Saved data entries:
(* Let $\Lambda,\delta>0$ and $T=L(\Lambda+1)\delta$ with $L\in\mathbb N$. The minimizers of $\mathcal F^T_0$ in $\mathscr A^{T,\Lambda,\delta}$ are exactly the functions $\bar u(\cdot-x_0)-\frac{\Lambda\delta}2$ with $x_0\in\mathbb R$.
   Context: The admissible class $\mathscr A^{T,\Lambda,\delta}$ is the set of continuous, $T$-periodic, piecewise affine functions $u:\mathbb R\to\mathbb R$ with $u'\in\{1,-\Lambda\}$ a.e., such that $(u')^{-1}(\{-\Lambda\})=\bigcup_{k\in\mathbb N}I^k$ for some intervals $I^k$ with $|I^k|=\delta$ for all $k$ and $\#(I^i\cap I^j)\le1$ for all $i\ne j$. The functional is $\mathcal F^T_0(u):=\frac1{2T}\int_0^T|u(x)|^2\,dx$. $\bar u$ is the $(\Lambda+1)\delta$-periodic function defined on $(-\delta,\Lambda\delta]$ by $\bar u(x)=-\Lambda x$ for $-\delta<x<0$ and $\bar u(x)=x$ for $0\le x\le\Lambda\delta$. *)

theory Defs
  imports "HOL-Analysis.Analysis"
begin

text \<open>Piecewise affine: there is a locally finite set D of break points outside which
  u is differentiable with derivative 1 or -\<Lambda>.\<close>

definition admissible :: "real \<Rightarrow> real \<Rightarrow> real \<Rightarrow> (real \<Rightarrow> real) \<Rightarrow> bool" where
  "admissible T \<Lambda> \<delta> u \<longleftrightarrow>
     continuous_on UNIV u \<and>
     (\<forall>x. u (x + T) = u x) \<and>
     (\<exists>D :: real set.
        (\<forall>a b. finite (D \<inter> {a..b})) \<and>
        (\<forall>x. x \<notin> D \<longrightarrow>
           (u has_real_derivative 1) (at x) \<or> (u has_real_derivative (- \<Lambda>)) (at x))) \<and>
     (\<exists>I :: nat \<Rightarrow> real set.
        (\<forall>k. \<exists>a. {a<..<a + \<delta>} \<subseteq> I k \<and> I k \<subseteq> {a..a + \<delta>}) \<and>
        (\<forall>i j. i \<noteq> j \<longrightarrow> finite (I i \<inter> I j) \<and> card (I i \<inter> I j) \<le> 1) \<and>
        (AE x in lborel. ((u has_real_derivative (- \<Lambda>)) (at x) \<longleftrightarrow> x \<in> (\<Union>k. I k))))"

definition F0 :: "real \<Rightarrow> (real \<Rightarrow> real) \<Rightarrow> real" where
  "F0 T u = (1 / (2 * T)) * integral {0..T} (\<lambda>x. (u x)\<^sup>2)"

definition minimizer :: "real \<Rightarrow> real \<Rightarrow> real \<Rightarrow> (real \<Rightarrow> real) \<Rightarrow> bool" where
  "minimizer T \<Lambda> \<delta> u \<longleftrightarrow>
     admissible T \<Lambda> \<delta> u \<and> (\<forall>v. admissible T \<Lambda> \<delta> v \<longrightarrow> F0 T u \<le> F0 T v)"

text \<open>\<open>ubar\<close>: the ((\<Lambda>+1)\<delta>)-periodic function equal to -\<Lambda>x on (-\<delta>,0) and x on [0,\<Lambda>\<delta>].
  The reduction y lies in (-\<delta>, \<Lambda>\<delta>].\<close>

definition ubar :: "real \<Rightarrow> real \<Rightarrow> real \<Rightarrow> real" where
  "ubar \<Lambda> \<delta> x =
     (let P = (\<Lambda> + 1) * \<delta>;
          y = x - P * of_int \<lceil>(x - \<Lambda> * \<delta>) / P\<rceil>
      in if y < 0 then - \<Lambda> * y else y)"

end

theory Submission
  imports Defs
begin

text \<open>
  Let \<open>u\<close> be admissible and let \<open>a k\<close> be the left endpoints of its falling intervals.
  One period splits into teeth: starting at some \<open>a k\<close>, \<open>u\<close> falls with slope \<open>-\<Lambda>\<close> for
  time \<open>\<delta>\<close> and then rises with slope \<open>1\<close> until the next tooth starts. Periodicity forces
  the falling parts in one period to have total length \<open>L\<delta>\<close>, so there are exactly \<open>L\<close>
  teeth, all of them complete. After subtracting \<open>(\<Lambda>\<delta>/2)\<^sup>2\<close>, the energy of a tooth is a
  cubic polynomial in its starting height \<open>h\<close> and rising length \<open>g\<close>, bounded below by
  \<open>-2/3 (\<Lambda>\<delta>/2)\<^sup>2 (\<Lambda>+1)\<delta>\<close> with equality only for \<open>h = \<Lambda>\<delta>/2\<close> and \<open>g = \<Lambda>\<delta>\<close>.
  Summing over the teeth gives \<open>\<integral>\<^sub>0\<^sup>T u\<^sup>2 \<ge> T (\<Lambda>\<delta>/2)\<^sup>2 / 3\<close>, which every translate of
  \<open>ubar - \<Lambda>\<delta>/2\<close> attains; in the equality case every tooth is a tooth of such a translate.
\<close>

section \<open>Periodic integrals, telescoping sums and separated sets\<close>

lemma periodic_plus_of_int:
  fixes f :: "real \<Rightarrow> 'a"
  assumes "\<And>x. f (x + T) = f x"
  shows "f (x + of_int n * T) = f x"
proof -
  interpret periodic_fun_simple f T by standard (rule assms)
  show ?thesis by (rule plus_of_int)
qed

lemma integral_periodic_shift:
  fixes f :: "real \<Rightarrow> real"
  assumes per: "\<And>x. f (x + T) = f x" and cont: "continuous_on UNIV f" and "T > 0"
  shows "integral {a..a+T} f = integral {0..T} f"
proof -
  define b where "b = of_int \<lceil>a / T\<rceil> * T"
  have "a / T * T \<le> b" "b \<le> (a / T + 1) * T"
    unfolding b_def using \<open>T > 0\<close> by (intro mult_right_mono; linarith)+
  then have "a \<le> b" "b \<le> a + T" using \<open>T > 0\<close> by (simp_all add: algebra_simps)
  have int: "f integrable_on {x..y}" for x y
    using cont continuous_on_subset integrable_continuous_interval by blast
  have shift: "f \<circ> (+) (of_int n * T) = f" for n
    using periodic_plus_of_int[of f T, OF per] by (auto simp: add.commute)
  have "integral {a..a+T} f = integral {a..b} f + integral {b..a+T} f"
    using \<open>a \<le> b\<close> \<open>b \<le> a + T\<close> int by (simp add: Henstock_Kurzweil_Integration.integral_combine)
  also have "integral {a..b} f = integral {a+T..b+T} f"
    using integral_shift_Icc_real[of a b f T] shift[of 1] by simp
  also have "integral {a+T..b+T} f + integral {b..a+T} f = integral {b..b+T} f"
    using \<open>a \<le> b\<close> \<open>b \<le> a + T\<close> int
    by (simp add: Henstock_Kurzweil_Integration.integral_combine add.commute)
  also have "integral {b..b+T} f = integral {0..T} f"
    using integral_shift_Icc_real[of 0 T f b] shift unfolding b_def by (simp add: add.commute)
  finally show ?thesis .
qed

Directions for this task
All lines above that contain the word "bool" are to be copied.

Reply
definition admissible :: "real \<Rightarrow> real \<Rightarrow> real \<Rightarrow> (real \<Rightarrow> real) \<Rightarrow> bool" where
definition minimizer :: "real \<Rightarrow> real \<Rightarrow> real \<Rightarrow> (real \<Rightarrow> real) \<Rightarrow> bool" where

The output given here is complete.